Many of the initial measurements of transcription errors in bacteria were restricted to single reporter genes and assayed the combined effects of transcription and translation errors by assessing how frequent functional proteins were produced from a mutant gene (2, 3, 14). These assays considered errors in translation to be relatively rare because, in this system, it was thought that only the first ribosome on a transcript would be capable of mistranslation and that most errors could be ascribed to the process of transcription (2, 3). However, translation errors in E. coli can occur at rates between 10−3 and 10−4 per codon (4–6), suggesting that many of the original measurements of transcription errors are confounded by the inclusion of translation errors. Furthermore, the error rates varied by up to an order of magnitude for different stop codons (3), indicating that these fluctuations may be attributed to different translation error rates for different codons (55); therefore, the rates derived from these studies require validation by methods that exclusively consider transcription errors.

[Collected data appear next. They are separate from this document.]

lemma affine_on_tail_gplus:
  assumes "affine_on_tail m f k c N" and "affine_on_tail m f' k' c' N'"
  shows "affine_on_tail m (\<lambda>d. gplus m (f d) (f' d)) (k + k') (c + c') (max N N')"
proof -
  have "f d = gaffine m k c d" "f' d = gaffine m k' c' d" if "d \<in> tail m (max N N')" for d
    using assms that tail_antimono[of N "max N N'" m] tail_antimono[of N' "max N N'" m]
    by (auto simp: affine_on_tail_def)
  with assms show ?thesis by (simp add: affine_on_tail_def gplus_gaffine)
qed

lemma gpred_gaffine:
  "gaffine m k c d \<noteq> gzero \<Longrightarrow> gpred m (gaffine m k c d) = gaffine m k (c - (0, int m, 0)) d"
  by (cases c; cases d) (auto simp: algebra_simps)

lemma affine_on_tail_gpred:
  assumes "0 < m" and f: "affine_on_tail m f k c N"
  shows "\<exists>k' c' N'. affine_on_tail m (\<lambda>d. gpred m (f d)) k' c' N'"
proof (cases "k = 0")
  case True
  obtain ca cz cr where c: "c = (ca, cz, cr)" by (cases c)
  define c' where "c' = gpred m (ca, cz, cr mod int m)"
  have "f d = (ca, cz, cr mod int m)" if "d \<in> tail m N" for d
    using f that True c by (cases d) (auto simp: affine_on_tail_def)
  moreover have "gaffine m 0 c' d = c'" for d
    by (cases d) (auto simp: c'_def)
  moreover have "0 \<le> fst c'"
    using f c by (auto simp: c'_def affine_on_tail_def)
  ultimately have "affine_on_tail m (\<lambda>d. gpred m (f d)) 0 c' N"
    by (simp add: affine_on_tail_def c'_def)
  then show ?thesis by blast
next
  case False
  with f have k: "1 \<le> k" and ca: "0 \<le> fst c" by (auto simp: affine_on_tail_def)
  define N' where "N' = max N (nat \<bar>fst (snd c)\<bar> + 1)"
  have "gaffine m k c d \<noteq> gzero" if "d \<in> tail m N'" for d
  proof -
    obtain ca cz cr where c: "c = (ca, cz, cr)" by (cases c)
    from that consider n where "d = gnum m n" "N' \<le> n" | a z r where "d = (a, z, r)" "1 \<le> a"
      by (auto simp: tail_def nonstd_def)
    then show ?thesis
    proof cases
      case (1 n)
      have "nat \<bar>cz\<bar> < n" using 1(2) c by (simp add: N'_def)
      then have "\<bar>cz\<bar> < int n" by (simp add: nat_less_iff)
      also have "int n \<le> int m * int n" using assms(1) by (simp add: mult_le_cancel_right1)
      also have "\<dots> \<le> k * (int m * int n)" using k by (simp add: mult_le_cancel_right1 mult_less_0_iff)
      finally show ?thesis using 1(1) c by (auto simp: gnum_def)
    next
      case (2 a z r)
      have "1 * 1 \<le> k * a" using k 2(2) by (intro mult_mono) auto
      then show ?thesis using ca c 2(1) by auto
    qed
  qed
  moreover have "tail m N' \<subseteq> tail m N" by (simp add: N'_def tail_antimono)
  ultimately have "affine_on_tail m (\<lambda>d. gpred m (f d)) k (c - (0, int m, 0)) N'"
    using f by (cases c) (auto simp: affine_on_tail_def gpred_gaffine simp del: gaffine.simps gpred.simps)
  then show ?thesis by blast
qed

lemma gfun_const_unless_arith:
  assumes "\<not> (f \<in> {FS, FP} \<and> length ds = 1)" and "\<not> (f = FPlus \<and> length ds = 2)"
  shows "gfun m f ds = gfun m f (replicate (length ds) gzero)"
  using assms by (cases f) (auto split: list.split simp: numeral_2_eq_2)

lemma gterm_affine_on_tail:
  assumes "0 < m" and "range v \<subseteq> gdom m"
  shows "\<exists>k c N. affine_on_tail m (\<lambda>d. gterm m t (v(x := d))) k c N"
proof (induction t rule: trm_induct)
  case (Var y)
  show ?case
  proof (cases "y = x")
    case True
    then have "(\<lambda>d. gterm m (Var y) (v(x := d))) = (\<lambda>d. d)" by simp
    with affine_on_tail_id[OF assms(1)] show ?thesis by metis
  next
    case False
    then have "(\<lambda>d. gterm m (Var y) (v(x := d))) = (\<lambda>_. v y)" by simp
    moreover have "v y \<in> gdom m" using assms(2) by blast
    ultimately show ?thesis using affine_on_tail_const by metis
  qed
next
  case (Fn f ts)
  consider (S) t1 where "f = FS" "ts = [t1]" | (P) t1 where "f = FP" "ts = [t1]"
    | (Plus) t1 t2 where "f = FPlus" "ts = [t1, t2]"
    | (other) "\<not> (f \<in> {FS, FP} \<and> length ts = 1)" "\<not> (f = FPlus \<and> length ts = 2)"
    by (auto simp: length_Suc_conv numeral_2_eq_2)
  then show ?case
  proof cases
    case (S t1)
    then have "t1 \<in> set ts" by simp
    then obtain k c N where "affine_on_tail m (\<lambda>d. gterm m t1 (v(x := d))) k c N"
      using Fn.IH by blast
    moreover have "(\<lambda>d. gterm m (Fn f ts) (v(x := d))) = (\<lambda>d. gsuc m (gterm m t1 (v(x := d))))"
      using S by simp
    ultimately show ?thesis using affine_on_tail_gsuc by (metis (no_types))
  next
    case (P t1)
    then have "t1 \<in> set ts" by simp
    then obtain k c N where "affine_on_tail m (\<lambda>d. gterm m t1 (v(x := d))) k c N"
      using Fn.IH by blast
    moreover have "(\<lambda>d. gterm m (Fn f ts) (v(x := d))) = (\<lambda>d. gpred m (gterm m t1 (v(x := d))))"
      using P by simp
    ultimately show ?thesis using affine_on_tail_gpred[OF assms(1)] by (metis (no_types))
  next
    case (Plus t1 t2)
    then have "t1 \<in> set ts" "t2 \<in> set ts" by simp_all
    then obtain k1 c1 N1 k2 c2 N2
      where "affine_on_tail m (\<lambda>d. gterm m t1 (v(x := d))) k1 c1 N1"
        and "affine_on_tail m (\<lambda>d. gterm m t2 (v(x := d))) k2 c2 N2"
      using Fn.IH by meson
    moreover have "(\<lambda>d. gterm m (Fn f ts) (v(x := d)))
        = (\<lambda>d. gplus m (gterm m t1 (v(x := d))) (gterm m t2 (v(x := d))))"
      using Plus by simp
    ultimately show ?thesis using affine_on_tail_gplus by (metis (no_types))
  next
    case other
    let ?c = "gfun m f (replicate (length ts) gzero)"
    have "?c \<in> gdom m" using assms(1) by (intro gfun_in_gdom) auto
    moreover have "(\<lambda>d. gterm m (Fn f ts) (v(x := d))) = (\<lambda>_. ?c)"
    proof
      fix d
      show "gterm m (Fn f ts) (v(x := d)) = ?c"
        using gfun_const_unless_arith[of f "map (\<lambda>t. gterm m t (v(x := d))) ts" m] other by simp
    qed
    ultimately show ?thesis using affine_on_tail_const by (metis (no_types))
  qed
qed

lemma gaffine_eq_if_eq_at_gsuc:
  assumes "0 < m" and "gaffine m k c d = gaffine m k' c' d"
    and "gaffine m k c (gsuc m d) = gaffine m k' c' (gsuc m d)"
  shows "gaffine m k c = gaffine m k' c'"
proof -
  obtain ca cz cr ca' cz' cr' a z r
    where c: "c = (ca, cz, cr)" "c' = (ca', cz', cr')" and d: "d = (a, z, r)"
    by (cases c; cases c'; cases d)
  from assms(2,3) have "k * z + cz = k' * z + cz'" "k * (z + int m) + cz = k' * (z + int m) + cz'"
    by (simp_all add: c d)
  then have "k * int m = k' * int m" by (simp only: distrib_left)
  with assms(1) have k: "k = k'" by simp
  with assms(2) have "ca = ca'" "cz = cz'" "(k * r + cr) mod int m = (k * r + cr') mod int m"
    by (simp_all add: c d)
  then have "cr mod int m = cr' mod int m" by (simp add: mod_eq_dvd_iff)
  then have "(k * r' + cr) mod int m = (k * r' + cr') mod int m" for r'
    by (rule mod_add_cong[OF refl])
  with k \<open>ca = ca'\<close> \<open>cz = cz'\<close> show ?thesis by (auto simp: c)
qed

lemma glit_Pos_spreads_on_tail:
  assumes "0 < m" and "range v \<subseteq> gdom m"
  obtains N where "\<And>d d'. d \<in> tail m N \<Longrightarrow> d' \<in> tail m N \<Longrightarrow> glit m (v(x := d)) (Pos a) \<Longrightarrow>
    glit m (v(x := gsuc m d)) (Pos a) \<Longrightarrow> glit m (v(x := d')) (Pos a)"
proof (cases a)
  case (AEq t u)
  obtain k c N1 k' c' N2
    where t: "affine_on_tail m (\<lambda>d. gterm m t (v(x := d))) k c N1"
      and u: "affine_on_tail m (\<lambda>d. gterm m u (v(x := d))) k' c' N2"
    using gterm_affine_on_tail[OF assms] by metis
  let ?N = "max N1 N2"
  have affine: "gterm m t (v(x := d)) = gaffine m k c d" "gterm m u (v(x := d)) = gaffine m k' c' d"
    if "d \<in> tail m ?N" for d
  proof -
    have "d \<in> tail m N1" "d \<in> tail m N2"
      using that tail_antimono[of N1 ?N m] tail_antimono[of N2 ?N m] by auto
    then show "gterm m t (v(x := d)) = gaffine m k c d" "gterm m u (v(x := d)) = gaffine m k' c' d"
      using t u unfolding affine_on_tail_def by blast+
  qed
  show ?thesis
  proof (rule that[of ?N])
    fix d d' assume d: "d \<in> tail m ?N" "d' \<in> tail m ?N"
      and eq: "glit m (v(x := d)) (Pos a)" "glit m (v(x := gsuc m d)) (Pos a)"
    have "gaffine m k c d = gaffine m k' c' d"
      using eq(1) affine[OF d(1)] AEq by simp
    moreover have "gaffine m k c (gsuc m d) = gaffine m k' c' (gsuc m d)"
      using eq(2) affine[OF gsuc_in_tail[OF d(1)]] AEq by simp
    ultimately have "gaffine m k c = gaffine m k' c'"
      by (rule gaffine_eq_if_eq_at_gsuc[OF assms(1)])
    then show "glit m (v(x := d')) (Pos a)"
      using affine[OF d(2)] AEq by simp
  qed
qed (rule that[of 0], simp)

lemma glit_boundary:
  assumes "0 < m" and "range v \<subseteq> gdom m" and "glit m (v(x := gzero)) l"
    and "d \<in> gdom m" and "\<not> glit m (v(x := d)) l"
  shows "\<exists>e\<in>gdom m. glit m (v(x := e)) l \<and> \<not> glit m (v(x := gsuc m e)) l"
proof (rule ccontr)
  assume "\<not> ?thesis"
  then have step: "glit m (v(x := gsuc m e)) l" if "e \<in> gdom m" "glit m (v(x := e)) l" for e
    using that by blast
  have num: "glit m (v(x := gnum m n)) l" for n
  proof (induction n)
    case 0
    show ?case using assms(3) by (simp only: gnum_0)
  next
    case (Suc n)
    show ?case using step[OF gnum_in_gdom Suc] by (simp only: gsuc_gnum)
  qed
  from assms(4,5) num have "d \<in> nonstd m" by (auto simp: gdom_def)
  then obtain a z r where d: "d = (a, z, r)" "1 \<le> a" "0 \<le> r" "r < int m"
    by (auto simp: nonstd_def)
  define e where "e = (a, z - int m, r)"
  have e: "e \<in> nonstd m" "gsuc m e = d" using d by (auto simp: e_def nonstd_def)
  obtain b where l: "l = Pos b \<or> l = NegL b" by (cases l) auto
  obtain N where spread: "\<And>d d'. d \<in> tail m N \<Longrightarrow> d' \<in> tail m N \<Longrightarrow> glit m (v(x := d)) (Pos b) \<Longrightarrow>
    glit m (v(x := gsuc m d)) (Pos b) \<Longrightarrow> glit m (v(x := d')) (Pos b)"
    using glit_Pos_spreads_on_tail[OF assms(1,2)] by blast
  have tail: "d \<in> tail m N" "e \<in> tail m N" "gnum m N \<in> tail m N"
    using \<open>d \<in> nonstd m\<close> e(1) nonstd_subset_tail by (auto simp: gnum_in_tail)
  \<comment> \<open>For \<open>Pos b\<close> the atom holds at \<open>gnum m N\<close> and its successor, hence at \<open>d\<close>; for \<open>NegL b\<close>
    it holds at \<open>e\<close> and \<open>gsuc m e = d\<close>, hence at \<open>gnum m N\<close>.\<close>
  from l show False
  proof
    assume "l = Pos b"
    then show False
      using spread[OF tail(3,1)] num[of N] num[of "Suc N"] assms(5) by simp
  next
    assume "l = NegL b"
    moreover have "\<not> glit m (v(x := e)) l"
      using step[of e] e assms(5) nonstd_subset_gdom by blast
    ultimately show False
      using spread[OF tail(2,3)] e(2) assms(5) num[of N] by simp
  qed
qed

section \<open>Soundness of \<open>Literal-AIND\<^sup>R\<^sub>2\<close> in \<open>G\<^sub>m\<close>\<close>

lemma glit_linst:
  assumes "x \<noteq> y" and "vars_lit l \<subseteq> {x, y}"
  shows "glit m v (linst l x y t (Fn c [])) = glit m ((\<lambda>_. gfun m c [])(x := gterm m t v)) l"
  unfolding linst_def glit_lsubst by (rule glit_cong) (use assms in auto)

lemma Literal_AIND_preserves_gtrue:
  assumes "0 < m" and "(\<D>, \<B>) \<in> Literal_AIND" and "\<forall>C\<in>\<D>. gtrue m C"
  shows "clause_set \<B> \<and> (\<forall>C\<in>\<B>. gtrue m C)"
proof -
  from assms(2) obtain l x y c C where xy: "x \<noteq> y" and l: "vars_lit l \<subseteq> {x, y}" and "finite C"
    and premise: "insert (compl (linst l x y (Fn c []) (Fn c []))) C \<in> \<D>"
    and \<B>: "\<B> = {insert (compl (linst l x y zero (Fn c [])))
                  (insert (linst l x y (aind_sigma l x y (Fn c [])) (Fn c [])) C),
               insert (compl (linst l x y zero (Fn c [])))
                  (insert (compl (linst l x y (sc (aind_sigma l x y (Fn c []))) (Fn c []))) C)}"
    unfolding Literal_AIND_def by blast
  define P where "P d = glit m ((\<lambda>_. gfun m c [])(x := d)) l" for d
  have inst: "glit m u (linst l x y t (Fn c [])) = P (gterm m t u)" for u t
    using glit_linst[OF xy l] by (simp add: P_def)
  define \<Phi> where "\<Phi> = FAll x (FImp (lit_form (linst l x y (Var x) (Fn c [])))
                                 (lit_form (linst l x y (sc (Var x)) (Fn c []))))"
  define \<sigma> where "\<sigma> = gfun m (FSk \<Phi>) []"
  have \<sigma>: "gterm m (aind_sigma l x y (Fn c [])) u = \<sigma>" for u
    by (simp add: aind_sigma_def \<Phi>_def \<sigma>_def)
  have witness: "gwitness m \<Phi> e \<longleftrightarrow> P e \<and> \<not> P (gsuc m e)" for e
    by (simp add: \<Phi>_def inst)
  have boundary: "P \<sigma> \<and> \<not> P (gsuc m \<sigma>)" if "P gzero" and "\<not> P (gfun m c [])"
  proof -
    have "gfun m c [] \<in> gdom m" using assms(1) by (simp add: gfun_in_gdom)
    then have "\<exists>e\<in>gdom m. P e \<and> \<not> P (gsuc m e)"
      using glit_boundary[OF assms(1), of "\<lambda>_. gfun m c []" x l] that by (simp add: P_def)
    then show ?thesis
      using gfun_FSk_witness[of m \<Phi> "[]"] by (simp add: witness \<sigma>_def)
  qed
  have "gtrue m D" if "D \<in> \<B>" for D
    unfolding gtrue_def
  proof (intro allI impI)
    fix u :: "nat \<Rightarrow> G" assume u: "range u \<subseteq> gdom m"
    consider "P (gfun m c [])" | "\<not> P gzero" | "P gzero" "\<not> P (gfun m c [])" by blast
    then show "\<exists>l\<in>D. glit m u l"
    proof cases
      case 1
      with assms(3) premise u have "\<exists>l\<in>C. glit m u l" by (fastforce simp: gtrue_def inst)
      then show ?thesis using that \<B> by auto
    next
      case 2
      then show ?thesis using that \<B> by (auto simp: inst)
    next
      case 3
      then show ?thesis using that \<B> boundary by (auto simp: inst \<sigma>)
    qed
  qed
  moreover have "clause_set \<B>" using \<open>finite C\<close> \<B> by (simp add: clause_set_def)
  ultimately show ?thesis by blast
qed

Previous studies reported that the combined transcription/translation error rate, as inferred from the frequency of errors in protein sequences, increases both in stationary phase and under starvation conditions (4, 6, 27). Because we detected no differences in transcription error rates between these different growth conditions, we reason that this variation manifests during translation and is most likely caused by tRNA scarcity during stationary phase (6, 55, 56). Although decreases in ribonucleotide concentration also occur during stationary phase (57), this has little effect on the overall fidelity of gene expression. Decreases in ribonucleotide concentration have been shown to increase the frequency of transcriptional pausing (58), which is closely associated with base misincorporations during transcription (39, 59, 60), so it seems that either (i) ribonucleotide concentration does not decrease enough under our experimental conditions to significantly alter the transcription error rate or (ii) that ribonucleotide concentration-induced pausing does not result from transcription errors. Nonetheless, it is curious that cellular growth conditions modify both the rate of DNA mutations and the rate of protein translation errors but not the transcription error rate.

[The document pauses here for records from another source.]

lemma nn_integral_suminf_cond_exp_mult_le_doob_max:
  assumes Z: "\<And>k. integrable M (Z k)" "\<And>k x. x \<in> space M \<Longrightarrow> 0 \<le> Z k x"
    and w[measurable]: "w \<in> borel_measurable M" "\<And>x. x \<in> space M \<Longrightarrow> 0 \<le> w x"
      "\<And>x. x \<in> space M \<Longrightarrow> w x \<le> c"
  shows "(\<integral>\<^sup>+x. (\<Sum>k. ennreal (real_cond_exp M (F k) (Z k) x)) * ennreal (w x) \<partial>M)
     \<le> (\<integral>\<^sup>+x. (\<Sum>k. ennreal (Z k x)) * doob_max M F w x \<partial>M)"
proof -
  have [measurable]: "Z k \<in> borel_measurable M" for k using Z(1) by auto
  have "(\<integral>\<^sup>+x. (\<Sum>k. ennreal (real_cond_exp M (F k) (Z k) x)) * ennreal (w x) \<partial>M)
      = (\<integral>\<^sup>+x. (\<Sum>k. ennreal (real_cond_exp M (F k) (Z k) x) * ennreal (w x)) \<partial>M)"
    by (simp add: ennreal_suminf_multc)
  also have "\<dots> = (\<Sum>k. \<integral>\<^sup>+x. ennreal (real_cond_exp M (F k) (Z k) x) * ennreal (w x) \<partial>M)"
    by (rule nn_integral_suminf) simp
  also have "\<dots> \<le> (\<Sum>k. \<integral>\<^sup>+x. ennreal (Z k x) * doob_max M F w x \<partial>M)"
    by (intro suminf_le summableI nn_integral_cond_exp_mult_le_doob_max[OF Z w])
  also have "\<dots> = (\<integral>\<^sup>+x. (\<Sum>k. ennreal (Z k x) * doob_max M F w x) \<partial>M)"
    by (rule nn_integral_suminf[symmetric]) (simp add: doob_max_def)
  also have "\<dots> = (\<integral>\<^sup>+x. (\<Sum>k. ennreal (Z k x)) * doob_max M F w x \<partial>M)"
    by (simp add: ennreal_suminf_multc)
  finally show ?thesis .
qed

context
  fixes f :: "nat \<Rightarrow> 'a \<Rightarrow> real"
  assumes martingale: "is_martingale0 M F f"
begin

lemma martingale_measurable_F: "k \<le> n \<Longrightarrow> f k \<in> borel_measurable (F n)"
  using martingale measurable_F_mono unfolding is_martingale0_def by blast

lemma martingale_integrable: "integrable M (f n)"
  using martingale unfolding is_martingale0_def by auto

lemma mart_diff_measurable_F: "k \<le> n \<Longrightarrow> mart_diff f k \<in> borel_measurable (F n)"
  unfolding mart_diff_def by (intro borel_measurable_diff martingale_measurable_F) auto

lemma sq_fun_n_measurable_F: "k \<le> n \<Longrightarrow> sq_fun_n f k \<in> borel_measurable (F n)"
  unfolding sq_fun_n_def
  by (intro measurable_compose[OF _ borel_measurable_sqrt] borel_measurable_sum borel_measurable_power
      mart_diff_measurable_F) auto

lemma davis_jump_measurable_F: "davis_jump f n \<in> borel_measurable (F n)"
proof -
  have [measurable]: "sq_fun_n f (n-1) \<in> borel_measurable (F n)" "sq_fun_n f n \<in> borel_measurable (F n)"
    "mart_diff f n \<in> borel_measurable (F n)"
    by (auto intro: sq_fun_n_measurable_F mart_diff_measurable_F)
  show ?thesis unfolding davis_jump_def by measurable
qed

lemma davis_compensator_measurable_F:
  "k \<le> Suc n \<Longrightarrow> davis_compensator M F f k \<in> borel_measurable (F n)"
  unfolding davis_compensator_def[abs_def]
  by (cases "k = 0") (auto intro: measurable_F_mono[of "k-1" n])

lemma davis_h_measurable_F: "davis_h M F f n \<in> borel_measurable (F n)"
  unfolding davis_h_def
  by (intro borel_measurable_sum borel_measurable_diff davis_compensator_measurable_F
      measurable_F_mono[OF _ davis_jump_measurable_F]) auto

lemma davis_g_measurable_F: "davis_g M F f n \<in> borel_measurable (F n)"
  unfolding davis_g_def
  by (intro borel_measurable_diff martingale_measurable_F davis_h_measurable_F) auto

lemma integrable_davis_jump: "integrable M (davis_jump f n)"
proof (rule Bochner_Integration.integrable_bound)
  show "integrable M (mart_diff f n)"
    unfolding mart_diff_def by (intro Bochner_Integration.integrable_diff martingale_integrable)
  show "davis_jump f n \<in> borel_measurable M" by (rule measurable_F_imp_M[OF davis_jump_measurable_F])
qed (simp add: davis_jump_def)

lemma integrable_davis_compensator: "integrable M (davis_compensator M F f n)"
  using sigma_finite_subalgebra.real_cond_exp_int(1)[OF sigma_finite_subalgebra_F integrable_davis_jump]
  by (cases "n = 0") (simp_all add: davis_compensator_def[abs_def])

lemma integrable_davis_h: "integrable M (davis_h M F f n)"
  unfolding davis_h_def[abs_def]
  by (intro Bochner_Integration.integrable_sum Bochner_Integration.integrable_diff
      integrable_davis_jump integrable_davis_compensator)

Rates of translation errors have been estimated as being at least an order of magnitude higher than rates of transcription errors, but because most transcripts are translated multiple times, the realized number of modified proteins originating from transcription errors will equal or exceed the number caused by translation errors. This amplification of individual transcription errors into multiple proteins is likely to account for the reduction of transcription vs. translation error rates (10−5 vs. 10−4).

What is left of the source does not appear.